■ **Task item**: Scan the records beneath this line for the line holding "in_vertical_plane (face_vertices F" and the line holding "unfolding trivial_deformation_def by", then transcribe exactly those two and all lines between.

Stored data
##########

lemma inf_iso_isometric_iff_net_mixed_curvature:
  assumes net: "is_net m n F" and dc: "dual_convex m n F"
    and vertical: "\<forall>i j. i \<le> m \<longrightarrow> j \<le> n \<longrightarrow> V i j $ 1 = 0 \<and> V i j $ 2 = 0"
    and G: "\<forall>i j. i \<le> m \<longrightarrow> j \<le> n \<longrightarrow> G i j = top_view (F i j) + V i j"
  shows "inf_iso_isometric m n F V \<longleftrightarrow>
    is_net m n G \<and> (\<forall>i j. i \<le> m \<longrightarrow> j \<le> n \<longrightarrow> mixed_curvature m n F G i j = 0)"
proof -
  have congruent_faces: "(\<forall>i j. i < m \<longrightarrow> j < n \<longrightarrow>
        (\<exists>\<phi> c1 c2 b. V i j = iso_cong \<phi> c1 c2 b (F i j) \<and>
          V (Suc i) j = iso_cong \<phi> c1 c2 b (F (Suc i) j) \<and>
          V (Suc i) (Suc j) = iso_cong \<phi> c1 c2 b (F (Suc i) (Suc j)) \<and>
          V i (Suc j) = iso_cong \<phi> c1 c2 b (F i (Suc j))))
      \<longleftrightarrow> (\<forall>k l. k < m \<longrightarrow> l < n \<longrightarrow> vertical_affine_on_face F V k l)"
    using face_congruence_iff_vertical_affine[OF net dc] vertical by (simp add: conj_ac)
  have G_net: "is_net m n G \<longleftrightarrow> (\<forall>k l. k < m \<longrightarrow> l < n \<longrightarrow> vertical_affine_on_face F V k l)"
    using convex_quad_face_iff_vertical_affine[OF net dc] vertical G by (simp add: is_net_def)
  have curvature: "(\<forall>i j. i \<le> m \<longrightarrow> j \<le> n \<longrightarrow> \<not> boundary_vertex m n i j \<longrightarrow>
        ((\<lambda>t. curvature (\<lambda>k l. F k l + t *\<^sub>R V k l) i j) has_real_derivative 0) (at 0))
      \<longleftrightarrow> (\<forall>i j. i \<le> m \<longrightarrow> j \<le> n \<longrightarrow> mixed_curvature m n F G i j = 0)"
    if faces: "\<forall>k l. k < m \<longrightarrow> l < n \<longrightarrow> vertical_affine_on_face F V k l"
  proof -
    have "((\<lambda>t. curvature (\<lambda>k l. F k l + t *\<^sub>R V k l) i j) has_real_derivative 0) (at 0)
        \<longleftrightarrow> mixed_curvature m n F G i j = 0"
      if "i \<le> m" "j \<le> n" "\<not> boundary_vertex m n i j" for i j
      using curvature_vertical_deformation_has_derivative[OF net dc faces G that] DERIV_unique
      by auto
    moreover have "mixed_curvature m n F G i j = 0" if "boundary_vertex m n i j" for i j
      using that by (simp add: mixed_curvature_def)
    ultimately show ?thesis
      by blast
  qed
  show ?thesis
    using congruent_faces G_net curvature unfolding inf_iso_isometric_def by blast
qed

lemma trivial_deformation_iff_coplanar:
  assumes net: "is_net m n F" and dc: "dual_convex m n F"
    and vertical: "\<forall>i j. i \<le> m \<longrightarrow> j \<le> n \<longrightarrow> V i j $ 1 = 0 \<and> V i j $ 2 = 0"
    and G: "\<forall>i j. i \<le> m \<longrightarrow> j \<le> n \<longrightarrow> G i j = top_view (F i j) + V i j"
  shows "trivial_deformation m n F V \<longleftrightarrow> coplanar {G i j | i j. i \<le> m \<and> j \<le> n}"
proof -
  have mn: "0 < m" "0 < n"
    using dc by (auto simp: dual_convex_def)
  note face_F = face_vertices_subset_vertices[OF mn, of F]
    and face_G = face_vertices_subset_vertices[OF mn, of G]
  have nv_F: "\<not> in_vertical_plane (face_vertices F 0 0)"
    using face_not_in_vertical_plane[OF net dc mn] .
  then have nv_G: "\<not> in_vertical_plane {G i j | i j. i \<le> m \<and> j \<le> n}"
    using face_G G vertical mn
    by (subst (asm) in_vertical_plane_face_cong[where G = G, symmetric])
      (auto dest: in_vertical_plane_subset)
  show ?thesis
  proof
    assume "trivial_deformation m n F V"
    then obtain \<phi> c1 c2 b where V: "\<forall>i j. i \<le> m \<longrightarrow> j \<le> n \<longrightarrow> V i j = iso_cong \<phi> c1 c2 b (F i j)"
      unfolding trivial_deformation_def by blast
    have "\<forall>x\<in>face_vertices F 0 0. iso_cong \<phi> c1 c2 b x $ 1 = 0 \<and> iso_cong \<phi> c1 c2 b x $ 2 = 0"
      using face_F V vertical by fastforce
    then have "iso_cong \<phi> c1 c2 b = vertical_field c1 c2 (b$3)"
      by (rule iso_cong_eq_vertical_field[OF nv_F])
    then have "{G i j | i j. i \<le> m \<and> j \<le> n} \<subseteq> graph_plane c1 c2 (b$3)"
      using V vertical G top_view_add_in_graph_plane_iff by auto
    then show "coplanar {G i j | i j. i \<le> m \<and> j \<le> n}"
      by (rule graph_plane_coplanar)
  next
    assume "coplanar {G i j | i j. i \<le> m \<and> j \<le> n}"
    from coplanar_subset_graph_plane[OF this nv_G]
    obtain a b c where plane: "{G i j | i j. i \<le> m \<and> j \<le> n} \<subseteq> graph_plane a b c"
      by blast
    have "V i j = vertical_field a b c (F i j)" if "i \<le> m" "j \<le> n" for i j
    proof -
      have "G i j \<in> graph_plane a b c"
        using plane that by blast
      then have "top_view (F i j) + V i j \<in> graph_plane a b c"
        using G that by simp
      then show ?thesis
        using vertical that top_view_add_in_graph_plane_iff by blast
    qed
    then show "trivial_deformation m n F V"
      unfolding trivial_deformation_def
      by (intro exI[of _ 0] exI[of _ a] exI[of _ b] exI[of _ "vector [0, 0, c]"])
        (simp add: iso_cong_vertical_field)
  qed
qed

theorem lemma4:
  fixes m n :: nat and F :: net
  assumes "is_net m n F" and "dual_convex m n F"
  shows "velocity_diagram m n F G \<longleftrightarrow>
           (is_net m n G \<and> v_parallel m n F G \<and>
            \<not> coplanar {G i j | i j. i \<le> m \<and> j \<le> n} \<and>
            (\<forall>i j. i \<le> m \<longrightarrow> j \<le> n \<longrightarrow> mixed_curvature m n F G i j = 0))"
proof
  assume "velocity_diagram m n F G"
  then obtain V where "inf_iso_isometric m n F V" "\<not> trivial_deformation m n F V"
    and vertical: "\<forall>i j. i \<le> m \<longrightarrow> j \<le> n \<longrightarrow> V i j $ 1 = 0 \<and> V i j $ 2 = 0"
    and G: "\<forall>i j. i \<le> m \<longrightarrow> j \<le> n \<longrightarrow> G i j = top_view (F i j) + V i j"
    unfolding velocity_diagram_def by blast
  moreover have "v_parallel m n F G"
    using vertical G by (simp add: v_parallel_def)
  ultimately show "is_net m n G \<and> v_parallel m n F G \<and> \<not> coplanar {G i j | i j. i \<le> m \<and> j \<le> n} \<and>
      (\<forall>i j. i \<le> m \<longrightarrow> j \<le> n \<longrightarrow> mixed_curvature m n F G i j = 0)"
    using inf_iso_isometric_iff_net_mixed_curvature[OF assms vertical G]
      trivial_deformation_iff_coplanar[OF assms vertical G] by blast
next
  assume R: "is_net m n G \<and> v_parallel m n F G \<and> \<not> coplanar {G i j | i j. i \<le> m \<and> j \<le> n} \<and>
      (\<forall>i j. i \<le> m \<longrightarrow> j \<le> n \<longrightarrow> mixed_curvature m n F G i j = 0)"
  define V where "V i j = G i j - top_view (F i j)" for i j
  have vertical: "\<forall>i j. i \<le> m \<longrightarrow> j \<le> n \<longrightarrow> V i j $ 1 = 0 \<and> V i j $ 2 = 0"
    using R by (simp add: V_def v_parallel_def)
  have G: "\<forall>i j. i \<le> m \<longrightarrow> j \<le> n \<longrightarrow> G i j = top_view (F i j) + V i j"
    by (simp add: V_def)
  show "velocity_diagram m n F G"
    unfolding velocity_diagram_def
    using R vertical G inf_iso_isometric_iff_net_mixed_curvature[OF assms vertical G]
      trivial_deformation_iff_coplanar[OF assms vertical G] by blast
qed

end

##########

■ **Task output**:
  have nv_F: "\<not> in_vertical_plane (face_vertices F 0 0)"
    using face_not_in_vertical_plane[OF net dc mn] .
  then have nv_G: "\<not> in_vertical_plane {G i j | i j. i \<le> m \<and> j \<le> n}"
    using face_G G vertical mn
    by (subst (asm) in_vertical_plane_face_cong[where G = G, symmetric])
      (auto dest: in_vertical_plane_subset)
  show ?thesis
  proof
    assume "trivial_deformation m n F V"
    then obtain \<phi> c1 c2 b where V: "\<forall>i j. i \<le> m \<longrightarrow> j \<le> n \<longrightarrow> V i j = iso_cong \<phi> c1 c2 b (F i j)"
      unfolding trivial_deformation_def by blast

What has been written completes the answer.